The card only requires two ICs and headers for the module, plus an optional 12V to 3.3V regulator: the module works at 3.3V but is 5V tolerant. A PHY is included, as well as an Ethernet jack with transformers.

This is such a simple design, that sense dictates some added hardware is included to make it a full card. Perhaps some GPIO. With an extra IC in the address decoding section there can be four 16-bit I/O ports for this: that's 64 outputs plus 64 inputs. More than adequate for, say, a parallel printer interface and some User I/O pins. This'll need an additional eight ICs.

PS/2 Keyboard and Video Board

These ones are very, very experimental at the moment. The idea is to prototype a video device for the CFT as its last user interface (in addition to the front panel, serial communications, and maybe Telnet.)

This is a pretty ambitious project in itself, so I'll do it last.

The video board is meant to take advantage of the 16-bit nature of the CFT design and the abundance of huge memory ICs. I intend to implement a single 640×400 mode, relatively easy to do with HC (and some AC) logic.

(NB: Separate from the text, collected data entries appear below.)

(* Let $q$ be an odd prime power. If $\{x_k\}_{k\in[n]}$ in $\mathbb{F}_{q^2}^d$ is an $(a,c_1,c_2)$-projective $2$-design for some $a,c_1,c_2\in\mathbb{F}_q$, then $n\ge d^2$.
   Context: For $a\in\mathbb{F}_{q^2}$ write $\overline{a}=a^q$; $A^*$ is conjugate transpose; $\langle x,y\rangle=x^*y$ on $\mathbb{F}_{q^2}^d$ and analogously on $(\mathbb{F}_{q^2}^d)^{\otimes 2}$. For a nondegenerate subspace $V$ (i.e. $V\cap V^\perp=\{0\}$), a family $\{y_k\}_{k\in[n]}$ in $V$ is a $c$-tight frame for $V$ ($c\in\mathbb{F}_q$) if $\operatorname{span}\{y_k\}=V$ and $\sum_k\langle y_k,y\rangle y_k=cy$ for all $y\in V$. $(\mathbb{F}_{q^2}^d)^{\otimes2}_{\mathrm{sym}}=\{\sum_{i,j}c_{ij}e_i\otimes e_j:c_{ij}=c_{ji}\}$ is nondegenerate with orthogonal projection $\Pi_d^{(2)}=\frac12\sum_{i,j}(e_ie_i^*\otimes e_je_j^*+e_ie_j^*\otimes e_je_i^* )$. A family $\{x_k\}_{k\in[n]}$ in $\mathbb{F}_{q^2}^d$ is an $(a,c_1,c_2)$-projective $2$-design ($a,c_1,c_2\in\mathbb{F}_q$) if (i) $\langle x_k,x_k\rangle=a$ for all $k$, (ii) $\{x_k\}$ is a $c_1$-tight frame for $\mathbb{F}_{q^2}^d$, and (iii) $\{x_k\otimes x_k\}$ is a $c_2$-tight frame for $(\mathbb{F}_{q^2}^d)^{\otimes 2}_{\mathrm{sym}}$. *)

theory Defs
  imports "HOL-Computational_Algebra.Primes"
begin

text \<open>The field F_{q^2} is a type 'a::field with q^2 elements; conjugation is a \<mapsto> a^q,
  and F_q is the fixed field {a. a^q = a}. Vectors in F_{q^2}^d are functions 'i \<Rightarrow> 'a
  on a finite index type 'i with d = CARD('i); tensors in (F^d)^{\<otimes>2} are functions on
  'i \<times> 'i (coefficients w.r.t. e_i \<otimes> e_j).\<close>

definition conj_q :: "nat \<Rightarrow> 'a::field \<Rightarrow> 'a" where
  "conj_q q a = a ^ q"

definition in_Fq :: "nat \<Rightarrow> 'a::field \<Rightarrow> bool" where
  "in_Fq q a \<longleftrightarrow> conj_q q a = a"

definition hinner :: "nat \<Rightarrow> ('i::finite \<Rightarrow> 'a::field) \<Rightarrow> ('i \<Rightarrow> 'a) \<Rightarrow> 'a" where
  "hinner q x y = (\<Sum>i\<in>UNIV. conj_q q (x i) * y i)"

definition fam_span :: "nat \<Rightarrow> (nat \<Rightarrow> ('i \<Rightarrow> 'a::field)) \<Rightarrow> ('i \<Rightarrow> 'a) set" where
  "fam_span n y = {v. \<exists>c::nat \<Rightarrow> 'a. v = (\<lambda>i. \<Sum>k<n. c k * y k i)}"

definition tight_frame ::
  "nat \<Rightarrow> 'a::field \<Rightarrow> nat \<Rightarrow> (nat \<Rightarrow> ('i::finite \<Rightarrow> 'a)) \<Rightarrow> ('i \<Rightarrow> 'a) set \<Rightarrow> bool" where
  "tight_frame q c n y V \<longleftrightarrow>
     (\<forall>k<n. y k \<in> V) \<and> fam_span n y = V \<and>
     (\<forall>v\<in>V. (\<lambda>i. \<Sum>k<n. hinner q (y k) v * y k i) = (\<lambda>i. c * v i))"

definition tensor2 :: "('i \<Rightarrow> 'a::field) \<Rightarrow> ('i \<times> 'i \<Rightarrow> 'a)" where
  "tensor2 x = (\<lambda>(i, j). x i * x j)"

definition sym_tensors :: "('i \<times> 'i \<Rightarrow> 'a) set" where
  "sym_tensors = {T. \<forall>i j. T (i, j) = T (j, i)}"

definition projective_2_design ::
  "nat \<Rightarrow> 'a::field \<Rightarrow> 'a \<Rightarrow> 'a \<Rightarrow> nat \<Rightarrow> (nat \<Rightarrow> ('i::finite \<Rightarrow> 'a)) \<Rightarrow> bool" where
  "projective_2_design q a c1 c2 n x \<longleftrightarrow>
     in_Fq q a \<and> in_Fq q c1 \<and> in_Fq q c2 \<and>
     (\<forall>k<n. hinner q (x k) (x k) = a) \<and>
     tight_frame q c1 n x UNIV \<and>
     tight_frame q c2 n (\<lambda>k. tensor2 (x k)) sym_tensors"

end

theory Submission
  imports Defs "HOL-Number_Theory.Residues" "HOL-Library.Cardinality"
    "HOL-Library.Function_Algebras" "HOL-Probability.Product_PMF"
begin

text \<open>Everything is a count over the finite field \<open>F\<close>: we embed the \<open>d \<times> d\<close> matrices, or a set
  of the same size, into \<open>F\<^sup>n\<close>. The design condition on the \<open>x\<^sub>k \<otimes> x\<^sub>k\<close> yields, for every matrix
  \<open>A\<close>, the identity \<open>2 \<Sum>\<^sub>k (x\<^sub>k\<^sup>* A x\<^sub>k) x\<^sub>k x\<^sub>k\<^sup>* = c\<^sub>2 (A + tr A \<cdot> I)\<close>.
  If \<open>c\<^sub>2 \<noteq> 0\<close> and \<open>a \<noteq> 0\<close>, the map \<open>A \<mapsto> (x\<^sub>k\<^sup>* A x\<^sub>k)\<^sub>k\<close> is injective, since its kernel
  consists of scalar matrices \<open>t I\<close> with \<open>t a = 0\<close>. If \<open>c\<^sub>2 \<noteq> 0\<close> and \<open>a = 0\<close>, the synthesis map
  \<open>c \<mapsto> \<Sum>\<^sub>k c\<^sub>k x\<^sub>k x\<^sub>k\<^sup>*\<close> hits every trace-zero matrix and kills a line, so
  \<open>|F|\<^sup>n \<ge> |F| \<cdot> |trace zero| \<ge> |F|\<^bsup>d\<^sup>2\<^esup>\<close>. If \<open>c\<^sub>2 = 0\<close>, the \<open>x\<^sub>k \<otimes> x\<^sub>k\<close> span the symmetric
  tensors but every symmetric \<open>T\<close> has vanishing frame sum; as the Hermitian form is nondegenerate on
  symmetric tensors in odd characteristic, \<open>T \<mapsto> (\<langle>x\<^sub>k \<otimes> x\<^sub>k, T\<rangle>)\<^sub>k\<close> embeds them into the kernel
  of the synthesis map, whence \<open>|F|\<^sup>n \<ge> |Sym|\<^sup>2 \<ge> |F|\<^bsup>d\<^sup>2\<^esup>\<close>.\<close>

lemma CHAR_eq_of_card_eq_prime_power:
  assumes "prime p" and "CARD('a::idom) = p ^ m"
  shows "CHAR('a) = p"
proof -
  have "finite (UNIV :: 'a set)"
    using assms by (intro card_ge_0_finite) (simp add: prime_gt_0_nat)
  then have "prime CHAR('a)"
    by (intro prime_CHAR_semidom finite_imp_CHAR_pos)
  moreover have "CHAR('a) dvd p ^ m"
    using CHAR_dvd_CARD[where 'a = 'a] assms(2) by simp
  ultimately show ?thesis
    using assms(1) by (metis prime_dvd_power primes_dvd_imp_eq)
qed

Within the 640×400 frame, different height character cells may be displayed (all characters will have 8 columns). With an 8×16 cell, we get an 80×25 text mode. With an 8×8 cell, we get 80×50 text or block graphics (not too shabby: many home micros of the 80s had 64×50 block graphic modes). With an 8×4 cell, finer control of the block graphics may be attained. And with an 8×1 cell and a suitable font, we get bitmap graphics — the famous TMS9918 did it the same way.

Character generation memory is probably going to be static RAM. Given how cheap static RAM is, it's likely this will be a 8×512 kByte IC (4 Mbits). This allows a serious 32,768 different 16-row character patterns. Since it's RAM, software can be used to set these to whatever is required. Given the space, bits can be set aside for double-width and double-height characters and the hardware will only need an additional two OR gates to make it work.

There's a separate colour plane RAM, and this can allow 64 colours: 2×6 bit fields for foreground and background. In semigraphics modes, each character cell has its own pair of colours. In bitmap graphics, each 8×1 cell has its own pair of colours.

Video RAM will be 64 kWords, 32 for each plane, probably with windowed access from main memory.